Adam, RMSProp, etc are just flavors of gradient descent so they’re useful on anything from ResNet to logistic regression. There are more flavors like natural gradient that are more useful for smaller problems since they require a Hessian matrix, but gradient descent is gradient descent. We use Adam in production for logistic regression, not for any particular reason really, just happens to work.
I'm not the OP, but personally I see NN's as being really really useful where the input data is unstructured (such as text or images). The deep approach (appears to) build better features than a human can, but I'm not convinced that they are _that_ much better (or indeed at all) than standard methods for tabular data.
Once upon a time, when I used to hire data people, I'd ask them to tell me about a recent data project. They'd normally mention some kind of complex model, and I'd ask them how much better it was than linear/logistic regression. A really large proportion of candidates (around 50%) couldn't answer this because they'd never compared their approach to anything simpler.
One person told me that linear regression wasn't in the top 10 Kaggle models, so they would never use it.
Oh so training time is virtually irrelevant to us and if it weren’t we would have to be a lot more careful about optimization methods and possibly which language to use. We also cannot use NN for the models we build (we are restricted to LR, but LR has as much model capacity as you need as long as you include more and more feature interaction terms).

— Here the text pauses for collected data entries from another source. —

(* Let $\varphi=\nu\tilde n.\sigma$ be a frame well-formed with respect to $\mathtt{s}\in\tilde n$ and let $q_{\mathtt{s}}$ be an occurrence (position) of $\mathtt{s}$ in $y\sigma$ for some $y\in\mathrm{dom}(\sigma)$. If $\varphi\nvdash\mathtt{s}$ then there exists a position $q<q_{\mathtt{s}}$ (strict prefix) such that the head symbol of $y\sigma|_q$ is $\mathsf{enc}$ or $\mathsf{enca}$ and $q\cdot1\le q_{\mathtt{s}}$.
   Context: Terms over $\Sigma=\{\mathsf{enc}/3,\mathsf{dec}/2,\mathsf{enca}/3,\mathsf{deca}/2,\mathsf{pub}/1,\mathsf{priv}/1,\langle\cdot,\cdot\rangle/2,\pi_1/1,\pi_2/1,\mathsf{sign}/2,\mathsf{check}/3,\mathsf{retrieve}/1\}$, constants, names and variables; destructors are $\pi_1,\pi_2,\mathsf{dec},\mathsf{deca},\mathsf{check},\mathsf{retrieve}$. Equational theory $E$: $\pi_i(\langle z_1,z_2\rangle)=z_i$, $\mathsf{dec}(\mathsf{enc}(z_1,z_2,z_3),z_2)=z_1$, $\mathsf{deca}(\mathsf{enca}(z_1,\mathsf{pub}(z_2),z_3),\mathsf{priv}(z_2))=z_1$, $\mathsf{check}(z_1,\mathsf{sign}(z_1,\mathsf{priv}(z_2)),\mathsf{pub}(z_2))=\mathsf{ok}$, $\mathsf{retrieve}(\mathsf{sign}(z_1,z_2))=z_1$. Positions are sequences of positive integers ordered by prefix $\le$, $T|_p$ the subterm at $p$. A frame $\varphi=\nu\tilde n.\sigma$: finite set of restricted names and acyclic substitution. $\varphi\vdash M$: least relation containing $x\sigma$ ($x\in\mathrm{dom}(\sigma)$) and names outside $\tilde n$, closed under application of any symbol other than $\mathsf{priv}$ and under $=_E$. An encryption occurrence $q$ in $U$ (head of $U|_q$ in $\{\mathsf{enc},\mathsf{enca}\}$) is an agent encryption w.r.t. names $\tilde m$ if $U|_{q\cdot3}\in\tilde m$, and a probabilistic encryption w.r.t. a set of terms $S$ if for all $V\in S$ and $p$ with $V|_p=U|_{q\cdot3}$, $p=q'\cdot3$ with $V|_{q'}=U|_q$. $\varphi$ is well-formed w.r.t. $\mathtt{s}$ if (1) every encryption in $\sigma$ is an agent encryption w.r.t. $\tilde n\setminus\{\mathtt{s}\}$ and a probabilistic encryption w.r.t. $\mathrm{ran}(\sigma)$; (2) for all subterms $\mathsf{enc}(M,K,R)$, $\mathsf{enca}(M',K',R')$, $\mathsf{sign}(U,V)$, $\mathsf{pub}(W)$, $\mathsf{priv}(W')$ of $\varphi$, $\mathtt{s}$ does not occur in $K,K',V,W,W',R,R'$; (3) $\varphi$ contains no destructor. *)

theory Defs
  imports Main
begin

datatype sym = Enc | Dec | Enca | Deca | Pub | Priv | Pair | Pi1 | Pi2
  | Sign | Check | Retrieve | Cst string

fun arity :: "sym \<Rightarrow> nat" where
  "arity Enc = 3" | "arity Dec = 2" | "arity Enca = 3" | "arity Deca = 2"
| "arity Pub = 1" | "arity Priv = 1" | "arity Pair = 2" | "arity Pi1 = 1"
| "arity Pi2 = 1" | "arity Sign = 2" | "arity Check = 3" | "arity Retrieve = 1"
| "arity (Cst c) = 0"

definition destructors :: "sym set" where
  "destructors = {Pi1, Pi2, Dec, Deca, Check, Retrieve}"

datatype trm = Var string | Nm string | Fn sym "trm list"

fun wf_trm :: "trm \<Rightarrow> bool" where
  "wf_trm (Var x) = True"
| "wf_trm (Nm n) = True"
| "wf_trm (Fn f ts) = (length ts = arity f \<and> (\<forall>t\<in>set ts. wf_trm t))"

definition ok :: trm where "ok = Fn (Cst ''ok'') []"

type_synonym pos = "nat list"

text \<open>Subterm at a position (positions are sequences of positive integers;
  argument i of a symbol is position i, starting at 1).\<close>
fun subt :: "trm \<Rightarrow> pos \<Rightarrow> trm option" where
  "subt t [] = Some t"
| "subt (Fn f ts) (i # p) =
     (if 1 \<le> i \<and> i \<le> length ts then subt (ts ! (i - 1)) p else None)"
| "subt _ (i # p) = None"

definition subterms :: "trm \<Rightarrow> trm set" where
  "subterms t = {u. \<exists>p. subt t p = Some u}"

fun head :: "trm \<Rightarrow> sym option" where
  "head (Fn f ts) = Some f"
| "head _ = None"

definition strict_prefix_pos :: "pos \<Rightarrow> pos \<Rightarrow> bool" where
  "strict_prefix_pos p q \<longleftrightarrow> (\<exists>r. r \<noteq> [] \<and> q = p @ r)"

definition prefix_pos :: "pos \<Rightarrow> pos \<Rightarrow> bool" where
  "prefix_pos p q \<longleftrightarrow> (\<exists>r. q = p @ r)"

fun vars :: "trm \<Rightarrow> string set" where
  "vars (Var x) = {x}"
| "vars (Nm n) = {}"
| "vars (Fn f ts) = (\<Union>t\<in>set ts. vars t)"

fun syms :: "trm \<Rightarrow> sym set" where
  "syms (Var x) = {}"
| "syms (Nm n) = {}"
| "syms (Fn f ts) = insert f (\<Union>t\<in>set ts. syms t)"

fun names :: "trm \<Rightarrow> string set" where
  "names (Var x) = {}"
| "names (Nm n) = {n}"
| "names (Fn f ts) = (\<Union>t\<in>set ts. names t)"

inductive eqE :: "trm \<Rightarrow> trm \<Rightarrow> bool" where
  refl: "eqE t t"
| sym: "eqE t u \<Longrightarrow> eqE u t"
| trans: "eqE t u \<Longrightarrow> eqE u v \<Longrightarrow> eqE t v"
| cong: "list_all2 eqE ts us \<Longrightarrow> eqE (Fn f ts) (Fn f us)"
| pi1: "eqE (Fn Pi1 [Fn Pair [z1, z2]]) z1"
| pi2: "eqE (Fn Pi2 [Fn Pair [z1, z2]]) z2"
| dec: "eqE (Fn Dec [Fn Enc [z1, z2, z3], z2]) z1"
| deca: "eqE (Fn Deca [Fn Enca [z1, Fn Pub [z2], z3], Fn Priv [z2]]) z1"
| check: "eqE (Fn Check [z1, Fn Sign [z1, Fn Priv [z2]], Fn Pub [z2]]) ok"
| retrieve: "eqE (Fn Retrieve [Fn Sign [z1, z2]]) z1"

text \<open>A frame \<open>\<nu>\<tilde>n.\<sigma>\<close>: a set of restricted names and a substitution
  given as a partial map from variables to terms.\<close>
record frame =
  restr :: "string set"
  subst :: "string \<Rightarrow> trm option"

fun app1 :: "(string \<Rightarrow> trm option) \<Rightarrow> trm \<Rightarrow> trm" where
  "app1 \<sigma> (Var x) = (case \<sigma> x of Some t \<Rightarrow> t | None \<Rightarrow> Var x)"
| "app1 \<sigma> (Nm n) = Nm n"
| "app1 \<sigma> (Fn f ts) = Fn f (map (app1 \<sigma>) ts)"

definition dep :: "(string \<Rightarrow> trm option) \<Rightarrow> (string \<times> string) set" where
  "dep \<sigma> = {(x, y). \<exists>t. \<sigma> y = Some t \<and> x \<in> vars t}"

definition valid_frame :: "frame \<Rightarrow> bool" where
  "valid_frame \<phi> \<longleftrightarrow> finite (restr \<phi>) \<and> finite (dom (subst \<phi>))
     \<and> acyclic (dep (subst \<phi>))
     \<and> (\<forall>t\<in>ran (subst \<phi>). wf_trm t)"

text \<open>Application of an acyclic substitution (iterated until it stabilises;
  \<open>card (dom \<sigma>)\<close> rounds suffice for an acyclic substitution).\<close>
definition apply_frame :: "frame \<Rightarrow> trm \<Rightarrow> trm" where
  "apply_frame \<phi> t = (app1 (subst \<phi>) ^^ card (dom (subst \<phi>))) t"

NN’s are universal function approximators. They can have arbitrary model capacity, and you can sort of control that with architecture decisions, loss function/regularization choices, and early stopping, but depending on the problem they can cause more problems than they solve. Usually you don’t really know if your NN will generalize well outside of your train/test distributions, so many times it’s better to have a simpler, more predictable model that you can control the behavior of. This is all from my personal experience and is completely moot when we’re talking about e.g. NLP or vision tasks or situations where you’re drowning in data. NNs are super interesting and powerful, don’t mean to suggest otherwise but the mantra is: “what is the right solution to my problem”. Lots of great advantages to NN’s as well (you can get them to do anything with enough cajoling and they can be solutions to major headaches you would usually have in e.g. kernel methods).